There were only a few minor things that changed from v2 to v3 in
addition to the rebase on top of misc-next.

The notable changes:
 - Non-async discarding continues to retrim regions because we load the
   block groups as fully trimmed. This gives us a way to reconcile the
   filesystem state on device after reboot with fstrim if deisred.
 - Moved BTRFS_TRIM_STATE_UNTRIMMED to be 0 in the enum.
 - Kept discard sysfs under debug/.
 - Rebased on top of btrfs-devel#misc-next fa17ed069c61. Renamed
   instances of cache -> block_group to adjust to the rename of
   btrfs_block_group_cache -> btrfs_block_group.

---

The RFC [1] went a lot better than expected, so let's call this v2.

Changes:
 - I don't believe there are any functional changes to the code, but
   there are plenty of changes for readability and a lot of comments
   added.
 - Split out the sysfs parts into their own patches as it was a bit of
   work to put discard/ under debug/.
 - Switched over any flags to be enums. All the variables are now of
   appropriate type rather than being all atomics.
 - Dropped 0015 [2] from v1, load block groups on mount. This is in
   favor of reading everything in as clean and running fstrim as needed.
 - Misc. bug fixes.
 - I changed the block_group discard delay from 300s to 120s.
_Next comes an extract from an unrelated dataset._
(* Let $\lambda\in\mathcal O$ be a nonzero limit ordinal and $\mathcal A,\mathcal B:\mathcal O\to\mathrm{SAT}$. Then, with $\liminf,\limsup$ computed in the lattice $\mathrm{SAT}$ of saturated sets, (a) $\limsup_{\alpha\to\lambda}(\mathcal A(\alpha)\boxplus\mathcal B(\alpha))\subseteq(\limsup_\lambda\mathcal A)\boxplus(\limsup_\lambda\mathcal B)$ and $(\liminf_\lambda\mathcal A)\boxplus(\liminf_\lambda\mathcal B)\subseteq\liminf_{\alpha\to\lambda}(\mathcal A(\alpha)\boxplus\mathcal B(\alpha))$; (b) the same two inclusions hold with $\boxtimes$ in place of $\boxplus$; (c) $\limsup_{\alpha\to\lambda}\mathcal A(\alpha)^\mu\subseteq(\limsup_\lambda\mathcal A)^\mu$ and $(\liminf_\lambda\mathcal A)^\mu\subseteq\liminf_{\alpha\to\lambda}\mathcal A(\alpha)^\mu$; (d) $\limsup_{\alpha\to\lambda}\mathcal A(\alpha)^\nu\subseteq(\limsup_\lambda\mathcal A)^\nu$ and $(\liminf_\lambda\mathcal A)^\nu\subseteq\liminf_{\alpha\to\lambda}\mathcal A(\alpha)^\nu$.
   Context: $\mathcal O$ is the set of ordinals $\le\top_{\mathsf{ord}}$ for a fixed ordinal $\top_{\mathsf{ord}}$ ($=\beth_\omega$). For $f:\mathcal O\to\mathfrak L$ into a complete lattice and a nonzero limit $\lambda\in\mathcal O$: $\liminf_{\alpha\to\lambda}f(\alpha)=\sup_{\alpha_0<\lambda}\inf_{\alpha_0\le\alpha<\lambda}f(\alpha)$, $\limsup_{\alpha\to\lambda}f(\alpha)=\inf_{\alpha_0<\lambda}\sup_{\alpha_0\le\alpha<\lambda}f(\alpha)$. Terms: $r,s,t::=c\mid x\mid\lambda x\,t\mid r\,s$, with constants $c::=\langle\rangle\mid\mathsf{pair}\mid\mathsf{fst}\mid\mathsf{snd}\mid\mathsf{inl}\mid\mathsf{inr}\mid\mathsf{case}\mid\mathsf{in}\mid\mathsf{out}\mid\mathsf{fix}^\mu_n\mid\mathsf{fix}^\nu_n$ ($n\in\mathbb N$); $t_{1..n}$ abbreviates $t_1\dots t_n$. Evaluation frames: $e(\_)::=\_\,s\mid\mathsf{fst}\,\_\mid\mathsf{snd}\,\_\mid\mathsf{case}\,\_\mid\mathsf{out}\,\_\mid\mathsf{fix}^\mu_n\,s\,t_{1..n}\,\_$; evaluation contexts $E$ are finite (possibly empty) compositions of frames. Reduction $\longrightarrow$ is the closure under all term constructs of: $(\lambda x t)s\to[s/x]t$; $\mathsf{fst}(\mathsf{pair}\,r\,s)\to r$; $\mathsf{snd}(\mathsf{pair}\,r\,s)\to s$; $\mathsf{case}(\mathsf{inl}\,r)\to\lambda x\lambda y.x\,r$; $\mathsf{case}(\mathsf{inr}\,r)\to\lambda x\lambda y.y\,r$ ($x,y\notin FV(r)$); $\mathsf{out}(\mathsf{in}\,r)\to r$; $\mathsf{fix}^\mu_n\,s\,t_{1..n}(\mathsf{in}\,t)\to s(\mathsf{fix}^\mu_n s)t_{1..n}(\mathsf{in}\,t)$; $\mathsf{out}(\mathsf{fix}^\nu_n s\,t_{1..n})\to\mathsf{out}(s(\mathsf{fix}^\nu_n s)t_{1..n})$. $\mathsf S$ = strongly normalizing terms. Safe reduction $\rhd$ is the least relation closed under evaluation contexts and transitivity containing: $(\lambda x t)s\rhd[s/x]t$ if $s\in\mathsf S$; $\mathsf{fst}(\mathsf{pair}\,r\,s)\rhd r$ if $s\in\mathsf S$; $\mathsf{snd}(\mathsf{pair}\,r\,s)\rhd s$ if $r\in\mathsf S$; $\mathsf{out}(\mathsf{in}\,r)\rhd r$; $\mathsf{case}(\mathsf{inl}\,r)\rhd\lambda x\lambda y.x\,r$; $\mathsf{case}(\mathsf{inr}\,r)\rhd\lambda x\lambda y.y\,r$; $\mathsf{fix}^\mu_n s\,t_{1..n}(\mathsf{in}\,r)\rhd s(\mathsf{fix}^\mu_n s)t_{1..n}(\mathsf{in}\,r)$; $\mathsf{out}(\mathsf{fix}^\nu_n s\,t_{1..n})\rhd\mathsf{out}(s(\mathsf{fix}^\nu_n s)t_{1..n})$. For a term set $\mathcal A$: ${}^{\rhd}\mathcal A=\{t\mid t\in\mathcal A\text{ or }t\rhd t'\in\mathcal A\}$; closure $\overline{\mathcal A}={}^{\rhd}(\mathcal A\cup\{E(x)\mid x\text{ variable},E(x)\in\mathsf S\})$; $\mathcal N:=\overline{\emptyset}$. A set $\mathcal A$ is saturated if $\overline{\mathcal A}=\mathcal A$ and $\mathcal N\subseteq\mathcal A\subseteq\mathsf S$; $\mathrm{SAT}$ is the complete lattice of saturated sets ordered by $\subseteq$, with bottom $\mathcal N$, top $\mathsf S$, and infima/suprema of nonempty families given by intersection/union. Operations: $r\cdot\mathcal A=\{r\,s\mid s\in\mathcal A\}$, $e^{-1}\mathcal A=\{r\mid e(r)\in\mathcal A\}$; $\mathcal A\boxplus\mathcal B=\overline{\mathsf{inl}\cdot\mathcal A}\cup\overline{\mathsf{inr}\cdot\mathcal B}$; $\mathcal A\boxtimes\mathcal B=(\mathsf{fst}\,\_)^{-1}\mathcal A\cap(\mathsf{snd}\,\_)^{-1}\mathcal B$; $\mathcal A^\mu=\overline{\mathsf{in}\cdot\mathcal A}$; $\mathcal A^\nu=(\mathsf{out}\,\_)^{-1}\mathcal A$. *)

theory Defs
  imports Main
begin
It is just
   to give the allocators a chance to reuse the LBA before letting async
   discard take a crack at it.

Data:
On a number of webservers, I collected data every minute accounting the
time we spent in btrfs_finish_extent_commit() (col. 1) and in
btrfs_commit_transaction() (col. 2). btrfs_finish_extent_commit() is
where we discard extents synchronously before returning them to the
free space cache.

discard=sync:
                 p99 total per minute       p99 total per minute
      Drive   |   extent_commit() (ms)  |    commit_trans() (ms)
    ---------------------------------------------------------------
     Drive A  |           434           |          1170 
     Drive B  |           880           |          2330
     Drive C  |          2943           |          3920
     Drive D  |          4763           |          5701

discard=async:
                 p99 total per minute       p99 total per minute
      Drive   |   extent_commit() (ms)  |    commit_trans() (ms)
    --------------------------------------------------------------
     Drive A  |           134           |           956
     Drive B  |            64           |          1972
     Drive C  |            59           |          1032
     Drive D  |            62           |          1200

While it's not great that the stats are cumulative over 1m, all of these
servers are running the same workload and and the delta between the two
are substantial. We are spending significantly less time in
btrfs_finish_extent_commit() which is responsible for discarding.

From v1:
--------
Discard is an operation that allows for the filesystem to communicate
with underlying ssds that a lba region is no longer needed. This gives
the drive the more information as it tries to manage the available free
space to minimize write amplification. However, discard hasn't been
given the most tlc. Discard is a problematic command because a drive's
physical block management is more or less a black box to us and the
effects of any particular discard aren't necessarily limited the
lifetime of a command.

Currently, btrfs handles discarding synchronously during transaction
commit. This problematically can delay transaction commit based on the
amount of space that needs to be trimmed and the efficacy of the discard
operation for a particular drive.

This series introduces async discarding, which removes discard from the
transaction commit path. While every SSD has the choice of implementing
trim support different, we strive here to do the right thing. The idea
hinges on recognizing that write amplification really only kicks in once
we're really low on free space.  As long as we trim enough to keep a
large enough pool of free space, in theory this should minimize the cost
of issuing discards on a workload and have limited cost overhead in
write amplification.

With async discard, we try to emphasize discarding larger regions
and reusing the lba (implicit discard). The first is done by using the
free space cache to maintain discard state and thus allows us to get
coalescing for fairly cheap. A background workqueue is used to scan over
an LRU kept list of the block groups. It then uses filters to determine
what to discard next hence giving priority to larger discards. While
reusing an lba isn't explicitly attempted, it happens implicitly via
find_free_extent() which if it happens to find a dirty extent, will
grant us reuse of the lba. Additionally, async discarding skips metadata
block groups as these should see a fairly high turnover as btrfs is a
self-packing filesystem being stingy with allocating new block groups
until necessary.

Preliminary results seem promising as when a lot of freeing is going on,
the discarding is delayed allowing for reuse which translates to less
discarding (in addition to the slower discarding). This has shown a
reduction in p90 and p99 read latencies on a test on our webservers.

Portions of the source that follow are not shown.